» **Task instructions**
Using the records that follow, work out how many lines hold the string "gives" and provide that number only.
--- Dataset records Enclosed Below ---
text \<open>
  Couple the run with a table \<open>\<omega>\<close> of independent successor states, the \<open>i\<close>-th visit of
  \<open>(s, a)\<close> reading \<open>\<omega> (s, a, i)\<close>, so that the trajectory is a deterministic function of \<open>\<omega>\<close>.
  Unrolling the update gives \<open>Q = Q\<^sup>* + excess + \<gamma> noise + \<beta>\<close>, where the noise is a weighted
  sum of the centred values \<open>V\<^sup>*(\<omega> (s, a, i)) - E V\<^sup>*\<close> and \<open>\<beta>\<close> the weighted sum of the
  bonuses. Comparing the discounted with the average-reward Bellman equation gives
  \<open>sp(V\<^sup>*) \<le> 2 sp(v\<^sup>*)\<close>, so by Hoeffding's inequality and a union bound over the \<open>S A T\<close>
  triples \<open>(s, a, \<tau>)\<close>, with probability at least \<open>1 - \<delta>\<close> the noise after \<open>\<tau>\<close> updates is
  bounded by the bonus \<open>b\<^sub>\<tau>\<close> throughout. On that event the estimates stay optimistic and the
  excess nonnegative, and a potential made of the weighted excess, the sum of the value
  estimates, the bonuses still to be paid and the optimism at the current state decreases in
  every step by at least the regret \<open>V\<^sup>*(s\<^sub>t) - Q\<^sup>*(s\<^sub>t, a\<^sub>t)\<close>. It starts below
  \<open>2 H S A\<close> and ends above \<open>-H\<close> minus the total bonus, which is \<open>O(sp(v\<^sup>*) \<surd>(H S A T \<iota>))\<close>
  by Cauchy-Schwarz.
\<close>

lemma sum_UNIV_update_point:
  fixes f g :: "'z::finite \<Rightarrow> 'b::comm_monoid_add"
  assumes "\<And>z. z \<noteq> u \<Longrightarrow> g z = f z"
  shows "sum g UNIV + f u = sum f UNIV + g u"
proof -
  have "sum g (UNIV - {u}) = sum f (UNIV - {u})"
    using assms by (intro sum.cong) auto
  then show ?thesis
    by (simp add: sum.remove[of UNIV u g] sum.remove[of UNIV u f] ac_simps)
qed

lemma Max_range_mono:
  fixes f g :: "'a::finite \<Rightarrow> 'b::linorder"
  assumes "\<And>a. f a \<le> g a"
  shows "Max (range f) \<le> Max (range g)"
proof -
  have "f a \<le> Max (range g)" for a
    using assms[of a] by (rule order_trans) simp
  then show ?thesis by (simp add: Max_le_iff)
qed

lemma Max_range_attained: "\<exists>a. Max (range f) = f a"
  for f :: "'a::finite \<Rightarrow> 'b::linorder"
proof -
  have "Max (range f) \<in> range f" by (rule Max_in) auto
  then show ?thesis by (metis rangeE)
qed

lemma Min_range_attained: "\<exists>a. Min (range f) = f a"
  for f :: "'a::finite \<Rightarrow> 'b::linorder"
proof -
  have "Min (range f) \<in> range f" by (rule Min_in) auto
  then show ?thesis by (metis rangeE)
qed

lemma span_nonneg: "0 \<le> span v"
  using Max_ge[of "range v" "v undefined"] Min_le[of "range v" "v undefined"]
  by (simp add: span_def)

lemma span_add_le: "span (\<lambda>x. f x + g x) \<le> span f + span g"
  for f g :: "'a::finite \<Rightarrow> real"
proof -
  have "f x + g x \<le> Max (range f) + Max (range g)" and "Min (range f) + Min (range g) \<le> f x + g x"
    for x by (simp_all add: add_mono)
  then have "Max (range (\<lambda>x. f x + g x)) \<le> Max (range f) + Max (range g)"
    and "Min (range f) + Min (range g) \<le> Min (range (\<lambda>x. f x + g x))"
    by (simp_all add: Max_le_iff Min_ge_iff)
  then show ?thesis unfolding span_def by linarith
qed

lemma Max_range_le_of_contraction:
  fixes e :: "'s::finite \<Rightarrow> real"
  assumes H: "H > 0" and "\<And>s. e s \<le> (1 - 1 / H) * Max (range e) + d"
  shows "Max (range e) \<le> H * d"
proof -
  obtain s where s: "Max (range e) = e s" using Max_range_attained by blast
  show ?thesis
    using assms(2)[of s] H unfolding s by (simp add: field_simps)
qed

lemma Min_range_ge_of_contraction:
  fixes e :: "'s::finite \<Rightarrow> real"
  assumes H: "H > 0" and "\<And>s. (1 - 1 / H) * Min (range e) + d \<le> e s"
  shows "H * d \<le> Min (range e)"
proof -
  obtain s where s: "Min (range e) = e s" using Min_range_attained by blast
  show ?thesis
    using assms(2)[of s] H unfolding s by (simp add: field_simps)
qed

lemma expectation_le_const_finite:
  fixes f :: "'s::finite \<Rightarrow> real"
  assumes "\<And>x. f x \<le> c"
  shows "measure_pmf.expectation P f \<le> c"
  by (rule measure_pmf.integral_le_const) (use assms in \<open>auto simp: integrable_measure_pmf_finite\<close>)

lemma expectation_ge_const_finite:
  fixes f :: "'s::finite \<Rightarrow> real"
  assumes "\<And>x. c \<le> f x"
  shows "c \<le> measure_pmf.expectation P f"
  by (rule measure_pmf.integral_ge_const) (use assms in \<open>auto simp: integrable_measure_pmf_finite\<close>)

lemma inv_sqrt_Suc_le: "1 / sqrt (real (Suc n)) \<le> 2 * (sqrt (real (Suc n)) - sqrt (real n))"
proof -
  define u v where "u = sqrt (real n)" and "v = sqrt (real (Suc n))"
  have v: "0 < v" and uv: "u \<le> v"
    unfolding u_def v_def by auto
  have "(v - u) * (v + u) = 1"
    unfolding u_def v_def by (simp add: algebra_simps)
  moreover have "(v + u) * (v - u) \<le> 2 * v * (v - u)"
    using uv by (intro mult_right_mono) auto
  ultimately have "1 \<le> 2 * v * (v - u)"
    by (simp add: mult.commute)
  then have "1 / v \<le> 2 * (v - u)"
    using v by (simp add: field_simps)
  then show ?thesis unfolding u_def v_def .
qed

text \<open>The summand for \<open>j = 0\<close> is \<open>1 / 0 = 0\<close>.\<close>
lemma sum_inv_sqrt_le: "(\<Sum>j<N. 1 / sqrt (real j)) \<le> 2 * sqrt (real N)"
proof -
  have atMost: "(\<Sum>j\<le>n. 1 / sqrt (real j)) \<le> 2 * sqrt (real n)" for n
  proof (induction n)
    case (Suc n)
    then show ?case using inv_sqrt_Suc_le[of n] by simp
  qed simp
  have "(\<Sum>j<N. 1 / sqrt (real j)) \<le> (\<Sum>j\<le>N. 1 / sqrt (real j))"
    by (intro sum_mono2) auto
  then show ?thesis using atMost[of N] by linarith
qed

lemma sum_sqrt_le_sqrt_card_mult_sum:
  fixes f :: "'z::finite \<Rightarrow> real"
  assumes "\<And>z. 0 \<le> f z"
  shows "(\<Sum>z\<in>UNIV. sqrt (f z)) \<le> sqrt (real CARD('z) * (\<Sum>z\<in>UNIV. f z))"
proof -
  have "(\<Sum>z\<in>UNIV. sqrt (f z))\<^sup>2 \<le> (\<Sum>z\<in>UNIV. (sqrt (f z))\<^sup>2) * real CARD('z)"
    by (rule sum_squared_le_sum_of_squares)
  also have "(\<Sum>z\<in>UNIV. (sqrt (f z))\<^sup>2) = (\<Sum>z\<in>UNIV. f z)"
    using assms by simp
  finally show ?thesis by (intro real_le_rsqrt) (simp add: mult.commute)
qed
--- End of Enclosed Dataset records ---
» **Reply to the exercise**
2